Summertime and the living is
A bit more difficult for working moms.
School ended two weeks ago the way it began - with two useless half days on a Wednesday and Thursday. Of course that means that Friday there was no school. Piper used a vacation day to cover the Wednesday half day and I swapped my work at home day for the Thursday and took the Friday off.
I really enjoy being there for the last day of school. All the parents and the students in the lower grades hang around to "cheer on" the fifth graders leaving the building for the last time. The school buses are decorated in balloons and streamers and the drivers honk their horns as they pull out. This year I noticed that they put kazoos and other noise makers on every seat and that the kids were contributing to the cacophony on the way out. God bless 'em!
My neighbor and I have a tradition of our own of taking the kids out to lunch on the last day. This year she insisted that we bring two other women along and they insisted that instead of going to Friendly's like we always do, we should go somewhere that served Margaritas. I can't remember the last time I had a drink at lunch time. Maybe never.
Now these two other women have boys in Pumpkin's class, but they also have either older children who can watch the younger ones or husbands who work alternate shifts (a cop, for instance), so even though this idea started out as a kickoff celebration for the kids, the only one that actually brought her kids was me. Add to that I was technically still on the clock at work, so I did not have as many margaritas (1) or as much fun as the other women did. But I could drive home, which proved to be important.
I spent the entire time thinking someone from work might be trying to get in touch with me - just my luck. Hardly anyone ever calls me unless there's an immediate deadline, so I don't know what I was so worried about. I wound up taking a couple of hours out of my Friday vacation day to make up the time I missed as lunch hour turned into three hours. I'm good like that.
Tigger has spent the following weeks at a nearby camp that he loves. I thought about sending Pumpkin to the same place, but ultimately felt that teenagers could not handle the wigged-out nuttiness that is my younger son when he is overtired and overstimulated. Also, a 5-year old drowned in a camp pool in this state last year and that news went straight to the deep, dark place in my heart usually reserved for paranoia about my own health.
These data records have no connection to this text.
(* Let $\mathbf{h}=(h_1,\dots,h_p)\subset\mathbb{Z}[X_1,\dots,X_n]$ satisfy assumption $\mathsf{G}$, $V=V(\mathbf{h})$, and let $\delta$ be an upper bound on the cardinality of $W(\pi_1,V)$. Consider the linear forms $u^{(i)}=L_1+iL_2+\cdots+i^{p-1}L_p$ for $i\in\{1,\dots,8(p-1)\delta\}$. Then at least $7/8$ of these linear forms have coefficient vector $\mathbf{u}=(1,i,\dots,i^{p-1})$ satisfying $u_1\ell_{\mathbf{x},1}+\cdots+u_p\ell_{\mathbf{x},p}\ne0$ for every $\mathbf{x}\in W(\pi_1,V)$, where $\boldsymbol{\ell}_{\mathbf{x}}=[\ell_{\mathbf{x},1},\dots,\ell_{\mathbf{x},p}]$ is a nonzero vector in the left nullspace of $\mathrm{jac}_{\mathbf{x}}(\mathbf{h},1)$.
   Context: $\pi_1(x_1,\dots,x_n)=x_1$; $V(\mathbf{h})\subset\mathbb{C}^n$ the zero-set. $\mathrm{jac}(\mathbf{h})$ is the Jacobian matrix; $\mathrm{jac}(\mathbf{h},1)=(\partial h_i/\partial X_j)_{1\le i\le p,\,2\le j\le n}$. $W(\pi_1,V)$ is the set of points $\mathbf{x}\in V$, not in the singular locus of $V$, with $\pi_1(T_{\mathbf{x}}V)=\{0\}$. For a $(p-1)$-minor $m$ of $\mathrm{jac}(\mathbf{h},1)$, $\mathsf{Minors}(\mathbf{h},m)$ is the vector of $p$-minors obtained by adding the missing row and a missing column to $m$, $\mathcal{O}(m)=\{m\ne0\}$. Assumption $\mathsf{G}$: (1) $\mathrm{jac}(\mathbf{h})$ has rank $p$ on $V$; (2) $\mathrm{jac}(\mathbf{h},1)$ has rank $p-1$ on $W(\pi_1,V)$ (so $\boldsymbol{\ell}_{\mathbf{x}}$ is unique up to scalar); (3) $W(\pi_1,V)$ is finite; (4) for each $(p-1)$-minor $m$, $\mathbf{h},\mathsf{Minors}(\mathbf{h},m)$ define $W(\pi_1,V)$ in $\mathcal{O}(m)$ with Jacobian of rank $n$ on $W(\pi_1,V)\cap\mathcal{O}(m)$. *)

theory Defs
  imports "HOL-Analysis.Analysis"
begin

text \<open>Points of complex affine n-space are encoded as functions
  x :: nat => complex that vanish outside the index range {..<n}; coordinate X_(j+1)
  of the paper is index j, so pi_1 is evaluation at index 0. Polynomials are
  represented by their polynomial functions.\<close>

definition cspace :: "nat \<Rightarrow> (nat \<Rightarrow> complex) set" where
  "cspace n = {x. \<forall>j\<ge>n. x j = 0}"

inductive poly_fun :: "nat \<Rightarrow> complex set \<Rightarrow> ((nat \<Rightarrow> complex) \<Rightarrow> complex) \<Rightarrow> bool"
  for n :: nat and K :: "complex set" where
  pf_const: "c \<in> K \<Longrightarrow> poly_fun n K (\<lambda>x. c)"
| pf_var: "j < n \<Longrightarrow> poly_fun n K (\<lambda>x. x j)"
| pf_add: "poly_fun n K f \<Longrightarrow> poly_fun n K g \<Longrightarrow> poly_fun n K (\<lambda>x. f x + g x)"
| pf_mult: "poly_fun n K f \<Longrightarrow> poly_fun n K g \<Longrightarrow> poly_fun n K (\<lambda>x. f x * g x)"

definition pdiff :: "((nat \<Rightarrow> complex) \<Rightarrow> complex) \<Rightarrow> nat \<Rightarrow> (nat \<Rightarrow> complex) \<Rightarrow> complex" where
  "pdiff f j x = deriv (\<lambda>t. f (x(j := t))) (x j)"

definition lin_indep_fam :: "nat \<Rightarrow> 'i set \<Rightarrow> ('i \<Rightarrow> nat \<Rightarrow> complex) \<Rightarrow> bool" where
  "lin_indep_fam m I r \<longleftrightarrow>
     (\<forall>c. (\<forall>j<m. (\<Sum>i\<in>I. c i * r i j) = 0) \<longrightarrow> (\<forall>i\<in>I. c i = 0))"

definition mat_rank :: "nat \<Rightarrow> nat \<Rightarrow> (nat \<Rightarrow> nat \<Rightarrow> complex) \<Rightarrow> nat" where
  "mat_rank p m A = Max {card I | I. I \<subseteq> {..<p} \<and> lin_indep_fam m I A}"

definition cdim :: "nat \<Rightarrow> (nat \<Rightarrow> complex) set \<Rightarrow> nat" where
  "cdim n S = Max {card B | B. finite B \<and> B \<subseteq> S \<and> lin_indep_fam n B (\<lambda>b. b)}"

definition zero_set :: "nat \<Rightarrow> nat \<Rightarrow> (nat \<Rightarrow> (nat \<Rightarrow> complex) \<Rightarrow> complex) \<Rightarrow> (nat \<Rightarrow> complex) set" where
  "zero_set n p h = {x \<in> cspace n. \<forall>i<p. h i x = 0}"

definition jac :: "(nat \<Rightarrow> (nat \<Rightarrow> complex) \<Rightarrow> complex) \<Rightarrow> (nat \<Rightarrow> complex) \<Rightarrow> nat \<Rightarrow> nat \<Rightarrow> complex" where
  "jac h x i j = pdiff (h i) j x"

text \<open>jac(h,1): drop the first column (index 0); column k of jac1 is column k+1 of jac.\<close>
definition jac1 :: "(nat \<Rightarrow> (nat \<Rightarrow> complex) \<Rightarrow> complex) \<Rightarrow> (nat \<Rightarrow> complex) \<Rightarrow> nat \<Rightarrow> nat \<Rightarrow> complex" where
  "jac1 h x i k = pdiff (h i) (Suc k) x"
Now, why don't I have those same fears for Tigger? The pool is the one place that he has almost always behaved himself. And he's an awesome swimmer. But yeah, I feel guilty about it.
In the meantime, the woman who so bravely babysat for my kids after school has left us. It was only a matter of time. She has three kids of her own and after years of saying they were going to move to our town, they have pretty much decided to stay put in this housing market. It's not the end of the world. She was fabulous, her kids were around my kids' ages, but she was also doing double duty as a taxi service for my neighbor's kids who decided that it was okay to come hang out at my house when they were done with their homework. I'm more than happy to have to put an end to that practice. Not that they're not nice kids, but there were just too many people in my house when I wasn't there and inevitably the place was trashed when I got home E V E R Y N I G H T.
P's former pre-school teacher will be taking over, but she can't start right away. So Piper and I have been juggling our schedules to try to make it work. I realize now that we are never going to have a proper vacation this year. Maybe not next year either. The number of days that Piper and I are actually home together with the boys is going to be pretty limited as well.
I wonder if this is the curse of working parenthood, or maybe just parenthood in general - that we never get the chance to feel settled. And then some days, I suppose we feel too settled.
Some days I hardly recognize that this is my life. And then yesterday a co-worker announced that she was pregnant, due in December. For the first time ever, I was irrationally excited for her.